Ambon (ANTARA) - Gubernur Maluku Hendrik Lewerissa menyatakan Korps Wanita Angkatan Laut (Kowal) representasi nyata semangat juang, ketangguhan, dan dedikasi perempuan Indonesia, khususnya di wilayah kepulauan seperti Maluku yang memiliki tantangan geografis tersendiri.
“Kowal adalah representasi semangat juang perempuan Indonesia yang tangguh, profesional, dan berintegritas, terutama di wilayah kepulauan seperti Maluku yang identik dengan laut sebagai ruang hidup dan ruang juang,” kata dia saat peringatan Hari Ulang Tahun (HUT) Ke-63 Kowal di Ambon, Senin,
Menurut dia, keberadaan Kowal tidak hanya memperkuat pertahanan negara, tetapi juga menjadi simbol peran strategis perempuan dalam menjaga kedaulatan laut nusantara.
Ia menegaskan Maluku sebagai provinsi kepulauan membutuhkan sumber daya manusia yang memiliki daya juang tinggi, disiplin, serta kemampuan beradaptasi terhadap kondisi medan yang menantang.
Dalam konteks tersebut, kata dia, peran Kowal relevan dan inspiratif.
Ia juga mengapresiasi kontribusi Kowal dalam berbagai tugas negara, mulai dari pertahanan dan keamanan, kegiatan sosial kemasyarakatan, hingga peran edukatif yang mendorong semangat bela negara di kalangan generasi muda.
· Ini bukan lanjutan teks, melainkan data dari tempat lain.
lemma cubic_factorization: "(x::'a)^3 + x + 1 = (x + \<alpha>) * (x + \<alpha>^2) * (x + (\<alpha>^2 + \<alpha>))"
proof -
  have r1: "\<alpha> * (\<alpha> * \<alpha>) = \<alpha> + 1" by (rule root_reduce[OF root])
  have r2: "\<alpha> * (\<alpha> * (\<alpha> * y)) = \<alpha> * y + y" for y
  proof -
    have "\<alpha> * (\<alpha> * (\<alpha> * y)) = (\<alpha> * (\<alpha> * \<alpha>)) * y" by (simp only: mult.assoc)
    then show ?thesis by (simp add: r1 distrib_right)
  qed
  show ?thesis by (simp add: algebra_simps power2_eq_square power3_eq_cube char2_simps r1 r2)
qed

lemma cubic_roots: "{x::'a. x^3 + x + 1 = 0} = {\<alpha>, \<alpha>^2, \<alpha>^2 + \<alpha>}"
  by (auto simp: cubic_factorization add_eq_0_iff_eq)

lemma card_cubic_roots: "card {x::'a. x^3 + x + 1 = 0} = 3"
proof -
  have "\<alpha> \<noteq> 0" "\<alpha> \<noteq> 1" by (rule root_neq[OF root])+
  have "\<alpha>^2 \<noteq> \<alpha>"
  proof
    assume sq: "\<alpha>^2 = \<alpha>"
    have "\<alpha> * (\<alpha> + 1) = \<alpha>^2 + \<alpha>" by (simp add: algebra_simps power2_eq_square)
    also have "\<dots> = 0" by (simp add: sq char2_simps)
    finally show False using \<open>\<alpha> \<noteq> 0\<close> \<open>\<alpha> \<noteq> 1\<close> mult_add_1_eq_0_iff by blast
  qed
  then show ?thesis using \<open>\<alpha> \<noteq> 0\<close> not_sym[OF \<open>\<alpha>^2 \<noteq> \<alpha>\<close>] by (simp add: cubic_roots)
qed

lemma root_add_1_neq_0: assumes "(x::'a)^3 + x + 1 = 0" shows "x + 1 \<noteq> 0"
  unfolding add_eq_0_iff_eq by (rule root_neq(2)[OF assms])

lemma card_chart01_params:
  assumes "(x::'a)^3 + x + 1 = 0"
  shows "card (chart01_params x) = 6"
  using root_neq(1)[OF assms] root_add_1_neq_0[OF assms]
  by (simp add: chart01_params_def not_sym[of x 0] not_sym[of "x + 1" 0])

lemma chart01_params_disjoint:
  assumes "(x::'a)^3 + x + 1 = 0" "y^3 + y + 1 = 0" "x \<noteq> y"
  shows "chart01_params x \<inter> chart01_params y = {}"
  using assms root_neq(1)[of y] root_add_1_neq_0[of y]
  by (auto simp: chart01_params_def not_sym[of y 0] not_sym[of "y + 1" 0])

lemma card_surface_lines: "card (surface_lines :: (4 \<Rightarrow> 'a) set set) = 27"
proof -
  let ?R = "{x::'a. x^3 + x + 1 = 0}"
  let ?f = "\<lambda>(a, b, c, d). chart01 a b c d :: (4 \<Rightarrow> 'a) set"
  have "finite ?R" using card_cubic_roots by (metis card.infinite zero_neq_numeral)
  have "card (\<Union>x\<in>?R. chart01_params x) = (\<Sum>x\<in>?R. card (chart01_params x))"
    by (rule card_UN_disjoint) (auto simp: \<open>finite ?R\<close> chart01_params_def chart01_params_disjoint)
  also have "\<dots> = 18" by (simp add: card_chart01_params card_cubic_roots)
  finally have "card (\<Union>x\<in>?R. chart01_params x) = 18" .
  moreover have "inj ?f" by (auto simp: inj_def split: prod.splits)
  ultimately have "card (\<Union>x\<in>?R. ?f ` chart01_params x) = 18"
    by (simp add: image_UN[symmetric] card_image inj_on_subset)
  moreover have "card {chart02 0 0 0, chart02 0 0 1, chart02 1 0 0, chart02 1 1 1,
      chart03 0 0, chart03 1 0, chart12 0 0, chart12 1 1, chart13 (0::'a)} = 9"
    by simp
  moreover have "finite (\<Union>x\<in>?R. ?f ` chart01_params x)"
    using \<open>finite ?R\<close> by (auto simp: chart01_params_def)
  ultimately show ?thesis
    unfolding surface_lines_def by (subst card_Un_disjoint) (auto simp: charts_distinct[THEN not_sym])
qed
“Kehadiran Kowal memberikan pesan kuat bahwa perempuan memiliki peran yang setara dan strategis dalam pengabdian kepada bangsa dan negara, termasuk di sektor pertahanan laut,” ujarnya.
Dia berharap, semangat dan nilai-nilai yang ditunjukkan Kowal dapat menjadi teladan bagi perempuan Maluku untuk terus berprestasi di berbagai bidang, tanpa meninggalkan jati diri sebagai masyarakat kepulauan yang menjunjung tinggi nilai keberanian dan pengabdian.
Pemerintah Provinsi Maluku berkomitmen untuk terus mendukung sinergi dengan TNI Angkatan Laut dalam menjaga stabilitas keamanan wilayah perairan Maluku serta memperkuat pembangunan sumber daya manusia yang berdaya saing dan berwawasan kebangsaan.